*** Opening Excerpted data ***
(* Let $\beta,\delta\in(0,1)$, $K>0$, $T>0$, and consider the controlled system $$f'=\tfrac12 fm\beta L-\delta f-\eta_1(t)f,\qquad m'=\tfrac12 fm\beta L-\delta m-\eta_2(t)m,\qquad L=1-\frac{f+m}{K},$$ with initial conditions $f(t_0)=f_0$, $m(t_0)=m_0$. Let $$U_4=\{(\eta_1,\eta_2):\ \eta_i\text{ measurable},\ 0\le\eta_1(t)\le1,\ 0\le\eta_2(t)\le1,\ t\in[0,T]\}$$ and $J_4(\eta_1,\eta_2)=\int_0^T\big(-(f+m)-\tfrac12(\eta_1^2+\eta_2^2)\big)dt$. Then there exists $(\eta_1^*,\eta_2^* )\in U_4$ with $J_4(\eta_1^*,\eta_2^* )=\max_{(\eta_1,\eta_2)}J_4(\eta_1,\eta_2)$.
   Context: $f,m$ are female and male densities, and $\eta_1,\eta_2$ are time-dependent female and male harvesting rates. *)

theory Defs
  imports "HOL-Analysis.Analysis"
begin

definition U4 :: "real \<Rightarrow> ((real \<Rightarrow> real) \<times> (real \<Rightarrow> real)) set" where
  "U4 T = {(e1, e2). set_borel_measurable lborel {0..T} e1 \<and> set_borel_measurable lborel {0..T} e2 \<and>
     (\<forall>t\<in>{0..T}. 0 \<le> e1 t \<and> e1 t \<le> 1 \<and> 0 \<le> e2 t \<and> e2 t \<le> 1)}"

definition Lfac :: "real \<Rightarrow> real \<Rightarrow> real \<Rightarrow> real" where
  "Lfac K x y = 1 - (x + y) / K"

definition rhs_f :: "real \<Rightarrow> real \<Rightarrow> real \<Rightarrow> real \<Rightarrow> real \<Rightarrow> real \<Rightarrow> real" where
  "rhs_f \<beta> \<delta> K e1 x y = 1/2 * x * y * \<beta> * Lfac K x y - \<delta> * x - e1 * x"

definition rhs_m :: "real \<Rightarrow> real \<Rightarrow> real \<Rightarrow> real \<Rightarrow> real \<Rightarrow> real \<Rightarrow> real" where
  "rhs_m \<beta> \<delta> K e2 x y = 1/2 * x * y * \<beta> * Lfac K x y - \<delta> * y - e2 * y"

text \<open>(f,m) is a (Caratheodory, i.e. absolutely continuous) solution on [0,T] of the system
  driven by controls (e1,e2) with f(0)=f0, m(0)=m0, written in integral form.\<close>
definition is_state ::
  "real \<Rightarrow> real \<Rightarrow> real \<Rightarrow> real \<Rightarrow> real \<Rightarrow> real \<Rightarrow> (real \<Rightarrow> real) \<Rightarrow> (real \<Rightarrow> real)
   \<Rightarrow> (real \<Rightarrow> real) \<Rightarrow> (real \<Rightarrow> real) \<Rightarrow> bool" where
  "is_state \<beta> \<delta> K T f0 m0 e1 e2 f m \<longleftrightarrow>
     continuous_on {0..T} f \<and> continuous_on {0..T} m \<and>
     (\<forall>t\<in>{0..T}.
        set_integrable lborel {0..t} (\<lambda>s. rhs_f \<beta> \<delta> K (e1 s) (f s) (m s)) \<and>
        set_integrable lborel {0..t} (\<lambda>s. rhs_m \<beta> \<delta> K (e2 s) (f s) (m s)) \<and>
        f t = f0 + (LINT s:{0..t}|lborel. rhs_f \<beta> \<delta> K (e1 s) (f s) (m s)) \<and>
        m t = m0 + (LINT s:{0..t}|lborel. rhs_m \<beta> \<delta> K (e2 s) (f s) (m s)))"

definition J4 :: "real \<Rightarrow> (real \<Rightarrow> real) \<Rightarrow> (real \<Rightarrow> real) \<Rightarrow> (real \<Rightarrow> real) \<Rightarrow> (real \<Rightarrow> real) \<Rightarrow> real" where
  "J4 T e1 e2 f m = (LINT t:{0..T}|lborel. - (f t + m t) - 1/2 * ((e1 t)\<^sup>2 + (e2 t)\<^sup>2))"

end

(* The direct method. Every admissible state stays in the box f, m >= 0, f + m <= max (f0 + m0) K,
   so along a maximising sequence the states are uniformly bounded and uniformly Lipschitz and, by
   Arzela-Ascoli, converge uniformly along a subsequence. The controls enter the dynamics linearly
   and the cost concavely: convex combinations of the tails of the control sequence converge a.e.
   (a Mazur-type argument in L^2), their limit drives the limit state, and its cost is at least the
   supremum. An admissible process exists at all by Picard iteration for the system clipped to the
   box. *)

theory Submission
  imports Defs "HOL-Complex_Analysis.Great_Picard"
begin

section \<open>Integrals over initial segments\<close>

lemma set_integrable_bounded_Icc:
  fixes h :: "real \<Rightarrow> real"
  assumes "h \<in> borel_measurable lborel" "\<And>x. x \<in> {a..b} \<Longrightarrow> \<bar>h x\<bar> \<le> B"
  shows "set_integrable lborel {a..b} h"
  unfolding set_integrable_def
  by (rule integrableI_bounded_set[where A="{a..b}" and B=B])
    (use assms in \<open>auto simp: indicator_def emeasure_lborel_Icc_eq\<close>)

lemma set_integrable_bounded:
  fixes h :: "real \<Rightarrow> real"
  assumes "h \<in> borel_measurable lborel" "\<And>x. \<bar>h x\<bar> \<le> B"
  shows "set_integrable lborel {a..b} h"
  using assms by (intro set_integrable_bounded_Icc) auto

lemma set_integral_Icc_eq_Ioc:
  fixes h :: "real \<Rightarrow> real"
  shows "(LINT x:{a..b}|lborel. h x) = (LINT x:{a<..b}|lborel. h x)"
  by (cases "a \<le> b") (simp_all add: interval_integral_Icc[symmetric] interval_integral_Ioc[symmetric])

lemma set_integral_nonpos_Icc:
  fixes h :: "real \<Rightarrow> real"
  assumes "\<And>x. x \<in> {a<..b} \<Longrightarrow> h x \<le> 0"
  shows "(LINT x:{a..b}|lborel. h x) \<le> 0"
proof -
  have "(LINT x:{a<..b}|lborel. h x) \<le> 0"
    unfolding set_lebesgue_integral_def
    using integral_nonneg_AE[of "\<lambda>x. - (indicator {a<..b} x *\<^sub>R h x)" lborel] assms
    by (auto simp: indicator_def)
  then show ?thesis by (simp add: set_integral_Icc_eq_Ioc)
qed

lemma set_integral_abs_le_Icc:
  fixes h :: "real \<Rightarrow> real"
  assumes "h \<in> borel_measurable lborel" "\<And>x. x \<in> {a<..b} \<Longrightarrow> \<bar>h x\<bar> \<le> B" "a \<le> b"
  shows "\<bar>LINT x:{a..b}|lborel. h x\<bar> \<le> B * (b - a)"
proof -
  have fin: "emeasure lborel {a<..b} < \<infinity>" using assms(3) by (simp add: emeasure_lborel_Ioc)
  have int: "set_integrable lborel {a<..b} h"
    unfolding set_integrable_def
    by (rule integrableI_bounded_set[where A="{a<..b}" and B=B])
      (use assms fin in \<open>auto simp: indicator_def\<close>)
  have int_const: "set_integrable lborel {a<..b} (\<lambda>_. B)"
    using fin by (simp add: set_integrable_def integrable_real_indicator)
  have "\<bar>LINT x:{a<..b}|lborel. h x\<bar> \<le> (LINT x:{a<..b}|lborel. \<bar>h x\<bar>)"
    using set_integral_norm_bound[OF int] by simp
  also have "\<dots> \<le> (LINT x:{a<..b}|lborel. B)"
    using int int_const assms(2) by (intro set_integral_mono) (auto intro: set_integrable_abs)
  also have "\<dots> = B * (b - a)"
    using assms(3) by (simp add: set_integral_const emeasure_lborel_Ioc)
  finally show ?thesis by (simp add: set_integral_Icc_eq_Ioc)
qed

definition primitive :: "(real \<Rightarrow> real) \<Rightarrow> real \<Rightarrow> real" where
  "primitive h t = (LINT s:{0..t}|lborel. h s)"

lemma primitive_zero [simp]: "primitive h 0 = 0"
  unfolding primitive_def set_integral_Icc_eq_Ioc by (simp add: set_lebesgue_integral_def)

lemma primitive_cong: "(\<And>s. s \<in> {0..t} \<Longrightarrow> g s = h s) \<Longrightarrow> primitive g t = primitive h t"
  unfolding primitive_def by (rule set_lebesgue_integral_cong) auto

lemma primitive_uminus: "primitive (\<lambda>s. - h s) t = - primitive h t"
  unfolding primitive_def set_lebesgue_integral_def by simp

lemma primitive_cmult: "primitive (\<lambda>s. c * h s) t = c * primitive h t"
  unfolding primitive_def by simp

lemma primitive_add:
  assumes "set_integrable lborel {0..t} g" "set_integrable lborel {0..t} h"
  shows "primitive (\<lambda>s. g s + h s) t = primitive g t + primitive h t"
  unfolding primitive_def using set_integral_add(2)[OF assms] by simp

lemma primitive_diff:
  assumes "set_integrable lborel {0..t} g" "set_integrable lborel {0..t} h"
  shows "primitive (\<lambda>s. g s - h s) t = primitive g t - primitive h t"
  unfolding primitive_def using set_integral_diff(2)[OF assms] by simp

lemma primitive_sum:
  assumes "\<And>j. j < N \<Longrightarrow> set_integrable lborel {0..t} (h j)"
  shows "primitive (\<lambda>s. \<Sum>j<N. c j * h j s) t = (\<Sum>j<N. c j * primitive (h j) t)"
proof -
  have "primitive (\<lambda>s. \<Sum>j<N. c j * h j s) t = (LBINT s. \<Sum>j<N. c j * (indicator {0..t} s *\<^sub>R h j s))"
    unfolding primitive_def set_lebesgue_integral_def by (simp add: sum_distrib_left algebra_simps)
  also have "\<dots> = (\<Sum>j<N. c j * primitive (h j) t)"
    unfolding primitive_def set_lebesgue_integral_def
    using assms unfolding set_integrable_def by (subst Bochner_Integration.integral_sum) auto
  finally show ?thesis .
qed

lemma primitive_mono:
  assumes "set_integrable lborel {0..t} g" "set_integrable lborel {0..t} h"
    and "\<And>x. x \<in> {0..t} \<Longrightarrow> g x \<le> h x"
  shows "primitive g t \<le> primitive h t"
  unfolding primitive_def using assms by (rule set_integral_mono)

lemma primitive_abs_le:
  assumes "set_integrable lborel {0..t} g" "set_integrable lborel {0..t} h"
    and "\<And>x. x \<in> {0..t} \<Longrightarrow> \<bar>g x\<bar> \<le> h x"
  shows "\<bar>primitive g t\<bar> \<le> primitive h t"
proof -
  have "\<bar>primitive g t\<bar> \<le> (LINT s:{0..t}|lborel. \<bar>g s\<bar>)"
    unfolding primitive_def using set_integral_norm_bound[OF assms(1)] by simp
  also have "\<dots> \<le> primitive h t"
    unfolding primitive_def using assms by (intro set_integral_mono) (auto intro: set_integrable_abs)
  finally show ?thesis .
qed

lemma primitive_split:
  fixes h :: "real \<Rightarrow> real"
  assumes "h \<in> borel_measurable lborel" "\<And>x. \<bar>h x\<bar> \<le> B" "0 \<le> s" "s \<le> t"
  shows "primitive h t = primitive h s + (LINT x:{s..t}|lborel. h x)"
proof -
  have int: "set_integrable lborel {0..t} h" using set_integrable_bounded_Icc assms(1,2) by blast
  have "{0..t} = {0..s} \<union> {s<..t}" using assms(3,4) by auto
  then have "primitive h t = (LINT x:{0..s} \<union> {s<..t}|lborel. h x)"
    unfolding primitive_def by simp
  also have "\<dots> = primitive h s + (LINT x:{s<..t}|lborel. h x)"
    unfolding primitive_def using assms(3,4)
    by (intro set_integral_Un set_integrable_subset[OF int]) auto
  finally show ?thesis by (simp add: set_integral_Icc_eq_Ioc)
qed

lemma primitive_lipschitz:
  fixes h :: "real \<Rightarrow> real"
  assumes "h \<in> borel_measurable lborel" "\<And>x. \<bar>h x\<bar> \<le> B"
  shows "\<bar>primitive h t - primitive h s\<bar> \<le> B * \<bar>t - s\<bar>"
proof -
  have B: "0 \<le> B" using assms(2)[of 0] by simp
  have "\<bar>primitive h t - primitive h s\<bar> \<le> B * (t - s)" if "s \<le> t" for s t
  proof -
    have "primitive h t - primitive h s = (LINT x:{max 0 s..t}|lborel. h x)"
    proof (cases "0 \<le> s")
      case True
      then show ?thesis using primitive_split[OF assms True that] by simp
    next
      case False
      then show ?thesis by (simp add: primitive_def set_lebesgue_integral_def)
    qed
    also have "\<bar>\<dots>\<bar> \<le> B * (t - s)"
    proof (cases "max 0 s \<le> t")
      case True
      then have "\<bar>LINT x:{max 0 s..t}|lborel. h x\<bar> \<le> B * (t - max 0 s)"
        using set_integral_abs_le_Icc[OF assms(1)] assms(2) by blast
      also have "\<dots> \<le> B * (t - s)" using B by (intro mult_left_mono) auto
      finally show ?thesis .
    qed (use B that in \<open>simp add: set_lebesgue_integral_def\<close>)
    finally show ?thesis .
  qed
  from this[of s t] this[of t s] show ?thesis
    by (cases "s \<le> t") (auto simp: abs_minus_commute)
qed

lemma primitive_continuous:
  fixes h :: "real \<Rightarrow> real"
  assumes "h \<in> borel_measurable lborel" "\<And>x. \<bar>h x\<bar> \<le> B"
  shows "continuous_on UNIV (primitive h)"
proof (rule lipschitz_on_continuous_on)
  show "B-lipschitz_on UNIV (primitive h)"
    using primitive_lipschitz[OF assms] assms(2)[of 0]
    by (intro lipschitz_onI) (auto simp: dist_real_def)
qed

lemma primitive_tendsto:
  fixes g :: "nat \<Rightarrow> real \<Rightarrow> real"
  assumes "\<And>k. g k \<in> borel_measurable lborel" "G \<in> borel_measurable lborel"
    and "\<And>k s. \<bar>g k s\<bar> \<le> C"
    and "AE s in lborel. s \<in> {0..t} \<longrightarrow> (\<lambda>k. g k s) \<longlonglongrightarrow> G s"
  shows "(\<lambda>k. primitive (g k) t) \<longlonglongrightarrow> primitive G t"
  unfolding primitive_def set_lebesgue_integral_def
proof (rule integral_dominated_convergence[where w="\<lambda>s. indicator {0..t} s * C"])
  show "integrable lborel (\<lambda>s. indicator {0..t} s * C)"
    by (intro integrable_mult_left integrable_real_indicator) (auto simp: emeasure_lborel_Icc_eq)
  show "AE s in lborel. (\<lambda>k. indicator {0..t} s *\<^sub>R g k s) \<longlonglongrightarrow> indicator {0..t} s *\<^sub>R G s"
    using assms(4) by eventually_elim (auto simp: indicator_def)
  show "AE s in lborel. norm (indicator {0..t} s *\<^sub>R g k s) \<le> indicator {0..t} s * C" for k
    using assms(3) by (auto simp: indicator_def)
qed (use assms(1,2) in measurable)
*** Closing Excerpted data ***
■ **The task**
Give back exactly the lines from the beginning of the records through the line containing "- \<delta> * y", and only those.

■ **Response box**
(* Let $\beta,\delta\in(0,1)$, $K>0$, $T>0$, and consider the controlled system $$f'=\tfrac12 fm\beta L-\delta f-\eta_1(t)f,\qquad m'=\tfrac12 fm\beta L-\delta m-\eta_2(t)m,\qquad L=1-\frac{f+m}{K},$$ with initial conditions $f(t_0)=f_0$, $m(t_0)=m_0$. Let $$U_4=\{(\eta_1,\eta_2):\ \eta_i\text{ measurable},\ 0\le\eta_1(t)\le1,\ 0\le\eta_2(t)\le1,\ t\in[0,T]\}$$ and $J_4(\eta_1,\eta_2)=\int_0^T\big(-(f+m)-\tfrac12(\eta_1^2+\eta_2^2)\big)dt$. Then there exists $(\eta_1^*,\eta_2^* )\in U_4$ with $J_4(\eta_1^*,\eta_2^* )=\max_{(\eta_1,\eta_2)}J_4(\eta_1,\eta_2)$.
   Context: $f,m$ are female and male densities, and $\eta_1,\eta_2$ are time-dependent female and male harvesting rates. *)

theory Defs
  imports "HOL-Analysis.Analysis"
begin

definition U4 :: "real \<Rightarrow> ((real \<Rightarrow> real) \<times> (real \<Rightarrow> real)) set" where
  "U4 T = {(e1, e2). set_borel_measurable lborel {0..T} e1 \<and> set_borel_measurable lborel {0..T} e2 \<and>
     (\<forall>t\<in>{0..T}. 0 \<le> e1 t \<and> e1 t \<le> 1 \<and> 0 \<le> e2 t \<and> e2 t \<le> 1)}"

definition Lfac :: "real \<Rightarrow> real \<Rightarrow> real \<Rightarrow> real" where
  "Lfac K x y = 1 - (x + y) / K"

definition rhs_f :: "real \<Rightarrow> real \<Rightarrow> real \<Rightarrow> real \<Rightarrow> real \<Rightarrow> real \<Rightarrow> real" where
  "rhs_f \<beta> \<delta> K e1 x y = 1/2 * x * y * \<beta> * Lfac K x y - \<delta> * x - e1 * x"

definition rhs_m :: "real \<Rightarrow> real \<Rightarrow> real \<Rightarrow> real \<Rightarrow> real \<Rightarrow> real \<Rightarrow> real" where
  "rhs_m \<beta> \<delta> K e2 x y = 1/2 * x * y * \<beta> * Lfac K x y - \<delta> * y - e2 * y"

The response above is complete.